------ Provided records ------

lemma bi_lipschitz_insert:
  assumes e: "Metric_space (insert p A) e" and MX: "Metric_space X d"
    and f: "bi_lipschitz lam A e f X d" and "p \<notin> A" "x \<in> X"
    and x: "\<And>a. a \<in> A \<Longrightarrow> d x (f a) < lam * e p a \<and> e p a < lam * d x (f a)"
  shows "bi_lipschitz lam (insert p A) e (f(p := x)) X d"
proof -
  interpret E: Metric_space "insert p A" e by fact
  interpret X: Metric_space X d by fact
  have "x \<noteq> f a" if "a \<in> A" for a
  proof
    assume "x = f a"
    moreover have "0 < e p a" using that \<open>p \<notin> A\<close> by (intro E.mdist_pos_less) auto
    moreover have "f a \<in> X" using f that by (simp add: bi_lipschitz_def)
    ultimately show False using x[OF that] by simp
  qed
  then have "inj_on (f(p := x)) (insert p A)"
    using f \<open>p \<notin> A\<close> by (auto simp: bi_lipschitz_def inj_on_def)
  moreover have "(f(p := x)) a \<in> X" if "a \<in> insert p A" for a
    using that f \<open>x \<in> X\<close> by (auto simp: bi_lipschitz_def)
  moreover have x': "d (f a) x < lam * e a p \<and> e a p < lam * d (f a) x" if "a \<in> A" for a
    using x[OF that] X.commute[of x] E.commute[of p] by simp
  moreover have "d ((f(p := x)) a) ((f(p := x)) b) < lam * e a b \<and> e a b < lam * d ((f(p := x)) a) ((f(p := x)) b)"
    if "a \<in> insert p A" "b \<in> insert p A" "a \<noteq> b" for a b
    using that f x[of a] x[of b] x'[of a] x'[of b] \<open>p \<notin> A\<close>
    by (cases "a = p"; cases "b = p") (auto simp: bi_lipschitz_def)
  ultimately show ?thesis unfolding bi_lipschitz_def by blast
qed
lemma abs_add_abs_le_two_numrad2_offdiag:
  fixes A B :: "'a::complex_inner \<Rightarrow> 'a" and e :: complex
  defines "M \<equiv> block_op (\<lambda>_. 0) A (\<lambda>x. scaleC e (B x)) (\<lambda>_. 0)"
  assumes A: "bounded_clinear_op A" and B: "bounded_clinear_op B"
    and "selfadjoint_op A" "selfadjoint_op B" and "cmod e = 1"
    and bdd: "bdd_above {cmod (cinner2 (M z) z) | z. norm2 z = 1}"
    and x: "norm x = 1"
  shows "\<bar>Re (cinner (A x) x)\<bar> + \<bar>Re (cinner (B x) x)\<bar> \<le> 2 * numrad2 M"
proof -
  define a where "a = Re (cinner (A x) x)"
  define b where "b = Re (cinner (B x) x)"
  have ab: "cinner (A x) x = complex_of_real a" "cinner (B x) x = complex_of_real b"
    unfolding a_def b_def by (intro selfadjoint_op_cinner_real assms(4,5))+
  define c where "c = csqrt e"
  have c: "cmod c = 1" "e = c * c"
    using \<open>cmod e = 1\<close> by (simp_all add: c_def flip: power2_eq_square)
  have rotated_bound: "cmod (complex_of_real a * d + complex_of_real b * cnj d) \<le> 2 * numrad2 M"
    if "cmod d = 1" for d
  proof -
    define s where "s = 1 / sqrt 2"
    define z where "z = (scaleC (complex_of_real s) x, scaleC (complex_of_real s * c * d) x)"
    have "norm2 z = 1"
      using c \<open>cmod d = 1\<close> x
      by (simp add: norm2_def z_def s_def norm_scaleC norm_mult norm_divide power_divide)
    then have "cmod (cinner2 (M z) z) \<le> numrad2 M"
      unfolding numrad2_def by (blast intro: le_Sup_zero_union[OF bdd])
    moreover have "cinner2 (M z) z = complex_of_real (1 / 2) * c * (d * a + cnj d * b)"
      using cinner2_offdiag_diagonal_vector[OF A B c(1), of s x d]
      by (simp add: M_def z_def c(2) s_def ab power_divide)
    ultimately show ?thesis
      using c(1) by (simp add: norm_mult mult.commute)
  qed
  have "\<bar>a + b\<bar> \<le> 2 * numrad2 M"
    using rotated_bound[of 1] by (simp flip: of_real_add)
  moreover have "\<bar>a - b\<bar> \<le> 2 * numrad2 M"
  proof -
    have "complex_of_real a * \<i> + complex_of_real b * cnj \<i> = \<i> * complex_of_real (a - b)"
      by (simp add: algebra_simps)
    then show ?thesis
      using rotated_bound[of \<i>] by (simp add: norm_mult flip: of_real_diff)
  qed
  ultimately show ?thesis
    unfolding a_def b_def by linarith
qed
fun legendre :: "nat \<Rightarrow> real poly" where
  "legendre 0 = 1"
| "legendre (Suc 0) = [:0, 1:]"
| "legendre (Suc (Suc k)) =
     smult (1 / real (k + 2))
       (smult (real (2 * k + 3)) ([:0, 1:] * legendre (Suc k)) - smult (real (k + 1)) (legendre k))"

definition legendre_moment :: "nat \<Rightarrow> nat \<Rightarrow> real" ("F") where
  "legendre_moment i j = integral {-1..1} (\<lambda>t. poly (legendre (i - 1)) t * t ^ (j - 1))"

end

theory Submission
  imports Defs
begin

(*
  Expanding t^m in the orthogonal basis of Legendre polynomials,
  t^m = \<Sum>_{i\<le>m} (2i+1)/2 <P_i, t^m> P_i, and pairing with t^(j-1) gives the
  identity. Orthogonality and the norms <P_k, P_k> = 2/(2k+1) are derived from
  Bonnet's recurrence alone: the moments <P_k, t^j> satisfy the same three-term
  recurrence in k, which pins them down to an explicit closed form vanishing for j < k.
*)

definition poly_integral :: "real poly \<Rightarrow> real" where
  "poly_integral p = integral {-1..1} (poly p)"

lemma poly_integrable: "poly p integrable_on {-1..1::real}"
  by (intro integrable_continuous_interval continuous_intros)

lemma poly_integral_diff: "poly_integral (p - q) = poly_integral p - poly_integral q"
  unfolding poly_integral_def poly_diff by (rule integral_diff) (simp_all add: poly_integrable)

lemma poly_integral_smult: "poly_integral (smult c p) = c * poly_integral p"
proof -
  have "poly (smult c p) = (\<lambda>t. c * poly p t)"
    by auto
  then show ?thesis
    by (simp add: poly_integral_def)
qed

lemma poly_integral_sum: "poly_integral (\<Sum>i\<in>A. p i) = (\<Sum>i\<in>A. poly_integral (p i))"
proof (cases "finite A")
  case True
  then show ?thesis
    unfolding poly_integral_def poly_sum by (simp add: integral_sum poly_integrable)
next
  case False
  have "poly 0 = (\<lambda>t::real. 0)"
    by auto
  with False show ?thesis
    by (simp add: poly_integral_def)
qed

------

The line above containing "define s where", the line containing "Bonnet's recurrence alone: the", and every line between them are to be transcribed exactly; no other line is wanted.

    define s where "s = 1 / sqrt 2"
    define z where "z = (scaleC (complex_of_real s) x, scaleC (complex_of_real s * c * d) x)"
    have "norm2 z = 1"
      using c \<open>cmod d = 1\<close> x
      by (simp add: norm2_def z_def s_def norm_scaleC norm_mult norm_divide power_divide)
    then have "cmod (cinner2 (M z) z) \<le> numrad2 M"
      unfolding numrad2_def by (blast intro: le_Sup_zero_union[OF bdd])
    moreover have "cinner2 (M z) z = complex_of_real (1 / 2) * c * (d * a + cnj d * b)"
      using cinner2_offdiag_diagonal_vector[OF A B c(1), of s x d]
      by (simp add: M_def z_def c(2) s_def ab power_divide)
    ultimately show ?thesis
      using c(1) by (simp add: norm_mult mult.commute)
  qed
  have "\<bar>a + b\<bar> \<le> 2 * numrad2 M"
    using rotated_bound[of 1] by (simp flip: of_real_add)
  moreover have "\<bar>a - b\<bar> \<le> 2 * numrad2 M"
  proof -
    have "complex_of_real a * \<i> + complex_of_real b * cnj \<i> = \<i> * complex_of_real (a - b)"
      by (simp add: algebra_simps)
    then show ?thesis
      using rotated_bound[of \<i>] by (simp add: norm_mult flip: of_real_diff)
  qed
  ultimately show ?thesis
    unfolding a_def b_def by linarith
qed
fun legendre :: "nat \<Rightarrow> real poly" where
  "legendre 0 = 1"
| "legendre (Suc 0) = [:0, 1:]"
| "legendre (Suc (Suc k)) =
     smult (1 / real (k + 2))
       (smult (real (2 * k + 3)) ([:0, 1:] * legendre (Suc k)) - smult (real (k + 1)) (legendre k))"

definition legendre_moment :: "nat \<Rightarrow> nat \<Rightarrow> real" ("F") where
  "legendre_moment i j = integral {-1..1} (\<lambda>t. poly (legendre (i - 1)) t * t ^ (j - 1))"

end

theory Submission
  imports Defs
begin

(*
  Expanding t^m in the orthogonal basis of Legendre polynomials,
  t^m = \<Sum>_{i\<le>m} (2i+1)/2 <P_i, t^m> P_i, and pairing with t^(j-1) gives the
  identity. Orthogonality and the norms <P_k, P_k> = 2/(2k+1) are derived from
  Bonnet's recurrence alone: the moments <P_k, t^j> satisfy the same three-term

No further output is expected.